TASK INSTRUCTIONS: Give the lines below again exactly, starting with the line that holds "lam div 2 \<notin>" and going on through the line that holds "by (auto simp: min_def".

ENTRIES SHOWN:
☆ ☆ ☆ ☆
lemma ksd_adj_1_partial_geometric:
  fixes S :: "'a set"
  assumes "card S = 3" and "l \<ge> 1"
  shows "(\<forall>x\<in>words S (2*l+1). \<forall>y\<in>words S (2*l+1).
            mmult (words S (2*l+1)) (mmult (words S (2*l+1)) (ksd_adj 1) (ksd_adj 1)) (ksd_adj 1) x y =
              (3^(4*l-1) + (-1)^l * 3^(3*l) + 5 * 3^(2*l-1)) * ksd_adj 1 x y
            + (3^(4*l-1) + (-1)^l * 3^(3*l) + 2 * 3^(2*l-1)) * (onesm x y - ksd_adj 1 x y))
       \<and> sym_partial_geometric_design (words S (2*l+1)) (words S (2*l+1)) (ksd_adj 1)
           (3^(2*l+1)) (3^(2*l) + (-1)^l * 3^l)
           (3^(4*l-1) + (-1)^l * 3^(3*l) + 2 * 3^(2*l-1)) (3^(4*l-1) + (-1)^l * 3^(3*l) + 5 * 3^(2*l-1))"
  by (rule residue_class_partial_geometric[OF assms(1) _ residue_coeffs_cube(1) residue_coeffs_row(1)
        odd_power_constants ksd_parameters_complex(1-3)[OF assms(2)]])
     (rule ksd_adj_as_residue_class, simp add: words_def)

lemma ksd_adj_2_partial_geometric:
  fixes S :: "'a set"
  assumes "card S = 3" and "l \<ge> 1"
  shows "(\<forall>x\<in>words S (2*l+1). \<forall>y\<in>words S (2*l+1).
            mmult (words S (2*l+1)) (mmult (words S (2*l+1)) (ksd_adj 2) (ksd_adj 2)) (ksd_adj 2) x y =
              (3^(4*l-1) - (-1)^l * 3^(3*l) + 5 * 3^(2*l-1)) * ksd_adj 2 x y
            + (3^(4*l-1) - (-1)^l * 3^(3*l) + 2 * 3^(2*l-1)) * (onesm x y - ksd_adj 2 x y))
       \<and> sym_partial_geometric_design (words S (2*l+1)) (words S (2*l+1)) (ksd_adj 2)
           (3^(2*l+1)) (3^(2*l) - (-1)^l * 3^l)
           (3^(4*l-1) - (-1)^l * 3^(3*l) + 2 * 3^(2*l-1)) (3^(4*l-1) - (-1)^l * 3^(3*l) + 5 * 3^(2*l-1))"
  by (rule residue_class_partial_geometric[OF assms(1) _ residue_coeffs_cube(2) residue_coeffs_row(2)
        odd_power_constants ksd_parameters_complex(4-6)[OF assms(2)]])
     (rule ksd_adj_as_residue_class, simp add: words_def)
☆ ☆ ☆ ☆
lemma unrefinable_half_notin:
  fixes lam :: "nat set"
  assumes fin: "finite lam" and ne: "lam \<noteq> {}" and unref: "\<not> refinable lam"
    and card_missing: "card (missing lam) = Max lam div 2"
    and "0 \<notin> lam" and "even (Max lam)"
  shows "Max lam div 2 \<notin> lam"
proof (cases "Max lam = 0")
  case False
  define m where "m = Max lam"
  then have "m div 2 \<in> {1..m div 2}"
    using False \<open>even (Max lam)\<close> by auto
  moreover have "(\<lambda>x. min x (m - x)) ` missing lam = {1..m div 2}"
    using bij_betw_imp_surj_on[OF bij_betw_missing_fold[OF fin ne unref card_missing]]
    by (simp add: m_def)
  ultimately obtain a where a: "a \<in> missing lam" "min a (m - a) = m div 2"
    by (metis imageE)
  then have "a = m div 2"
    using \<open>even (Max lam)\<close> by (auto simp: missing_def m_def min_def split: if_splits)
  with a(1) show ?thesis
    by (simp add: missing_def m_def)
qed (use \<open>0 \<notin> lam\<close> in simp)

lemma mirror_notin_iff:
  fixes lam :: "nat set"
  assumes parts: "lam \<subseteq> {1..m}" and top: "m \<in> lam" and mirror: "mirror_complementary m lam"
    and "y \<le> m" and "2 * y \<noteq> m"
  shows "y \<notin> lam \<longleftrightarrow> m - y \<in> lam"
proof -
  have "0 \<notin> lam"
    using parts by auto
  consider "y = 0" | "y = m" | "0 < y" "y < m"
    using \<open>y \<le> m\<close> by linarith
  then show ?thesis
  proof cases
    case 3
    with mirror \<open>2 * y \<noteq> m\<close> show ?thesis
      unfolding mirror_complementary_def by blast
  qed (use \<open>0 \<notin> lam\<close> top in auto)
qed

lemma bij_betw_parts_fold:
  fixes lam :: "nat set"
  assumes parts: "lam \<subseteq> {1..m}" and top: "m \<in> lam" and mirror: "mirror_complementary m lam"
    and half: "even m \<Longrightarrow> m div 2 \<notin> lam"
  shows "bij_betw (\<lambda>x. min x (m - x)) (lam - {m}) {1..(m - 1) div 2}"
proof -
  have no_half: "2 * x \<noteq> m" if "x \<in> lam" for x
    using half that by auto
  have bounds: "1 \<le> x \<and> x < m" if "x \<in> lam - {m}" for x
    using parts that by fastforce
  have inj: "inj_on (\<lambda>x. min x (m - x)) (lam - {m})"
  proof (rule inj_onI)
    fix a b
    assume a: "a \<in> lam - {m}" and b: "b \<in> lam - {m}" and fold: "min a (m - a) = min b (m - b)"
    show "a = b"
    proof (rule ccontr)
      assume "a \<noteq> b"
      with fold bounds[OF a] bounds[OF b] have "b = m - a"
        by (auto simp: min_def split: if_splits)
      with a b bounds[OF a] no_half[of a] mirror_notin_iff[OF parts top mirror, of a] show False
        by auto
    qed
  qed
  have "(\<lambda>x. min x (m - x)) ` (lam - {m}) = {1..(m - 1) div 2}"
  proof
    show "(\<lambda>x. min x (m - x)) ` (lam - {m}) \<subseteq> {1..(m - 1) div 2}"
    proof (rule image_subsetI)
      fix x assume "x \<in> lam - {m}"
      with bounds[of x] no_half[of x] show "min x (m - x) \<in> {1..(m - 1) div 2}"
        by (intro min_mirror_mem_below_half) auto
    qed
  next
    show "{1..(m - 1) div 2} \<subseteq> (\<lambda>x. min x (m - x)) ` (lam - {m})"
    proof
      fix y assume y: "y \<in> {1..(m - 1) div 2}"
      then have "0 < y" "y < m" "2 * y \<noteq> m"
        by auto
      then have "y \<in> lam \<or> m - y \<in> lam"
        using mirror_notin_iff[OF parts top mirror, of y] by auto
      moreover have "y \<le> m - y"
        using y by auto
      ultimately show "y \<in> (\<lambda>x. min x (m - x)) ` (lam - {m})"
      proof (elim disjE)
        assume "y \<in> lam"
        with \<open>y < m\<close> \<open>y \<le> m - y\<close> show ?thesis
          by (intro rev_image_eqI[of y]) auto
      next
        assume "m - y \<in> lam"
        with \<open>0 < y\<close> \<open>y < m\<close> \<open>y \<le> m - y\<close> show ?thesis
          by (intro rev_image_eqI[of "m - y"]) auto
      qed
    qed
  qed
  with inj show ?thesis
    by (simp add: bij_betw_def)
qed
☆ ☆ ☆ ☆
THE COMPLETED TASK:
  shows "Max lam div 2 \<notin> lam"
proof (cases "Max lam = 0")
  case False
  define m where "m = Max lam"
  then have "m div 2 \<in> {1..m div 2}"
    using False \<open>even (Max lam)\<close> by auto
  moreover have "(\<lambda>x. min x (m - x)) ` missing lam = {1..m div 2}"
    using bij_betw_imp_surj_on[OF bij_betw_missing_fold[OF fin ne unref card_missing]]
    by (simp add: m_def)
  ultimately obtain a where a: "a \<in> missing lam" "min a (m - a) = m div 2"
    by (metis imageE)
  then have "a = m div 2"
    using \<open>even (Max lam)\<close> by (auto simp: missing_def m_def min_def split: if_splits)
  with a(1) show ?thesis
    by (simp add: missing_def m_def)
qed (use \<open>0 \<notin> lam\<close> in simp)

lemma mirror_notin_iff:
  fixes lam :: "nat set"
  assumes parts: "lam \<subseteq> {1..m}" and top: "m \<in> lam" and mirror: "mirror_complementary m lam"
    and "y \<le> m" and "2 * y \<noteq> m"
  shows "y \<notin> lam \<longleftrightarrow> m - y \<in> lam"
proof -
  have "0 \<notin> lam"
    using parts by auto
  consider "y = 0" | "y = m" | "0 < y" "y < m"
    using \<open>y \<le> m\<close> by linarith
  then show ?thesis
  proof cases
    case 3
    with mirror \<open>2 * y \<noteq> m\<close> show ?thesis
      unfolding mirror_complementary_def by blast
  qed (use \<open>0 \<notin> lam\<close> top in auto)
qed

lemma bij_betw_parts_fold:
  fixes lam :: "nat set"
  assumes parts: "lam \<subseteq> {1..m}" and top: "m \<in> lam" and mirror: "mirror_complementary m lam"
    and half: "even m \<Longrightarrow> m div 2 \<notin> lam"
  shows "bij_betw (\<lambda>x. min x (m - x)) (lam - {m}) {1..(m - 1) div 2}"
proof -
  have no_half: "2 * x \<noteq> m" if "x \<in> lam" for x
    using half that by auto
  have bounds: "1 \<le> x \<and> x < m" if "x \<in> lam - {m}" for x
    using parts that by fastforce
  have inj: "inj_on (\<lambda>x. min x (m - x)) (lam - {m})"
  proof (rule inj_onI)
    fix a b
    assume a: "a \<in> lam - {m}" and b: "b \<in> lam - {m}" and fold: "min a (m - a) = min b (m - b)"
    show "a = b"
    proof (rule ccontr)
      assume "a \<noteq> b"
      with fold bounds[OF a] bounds[OF b] have "b = m - a"
        by (auto simp: min_def split: if_splits)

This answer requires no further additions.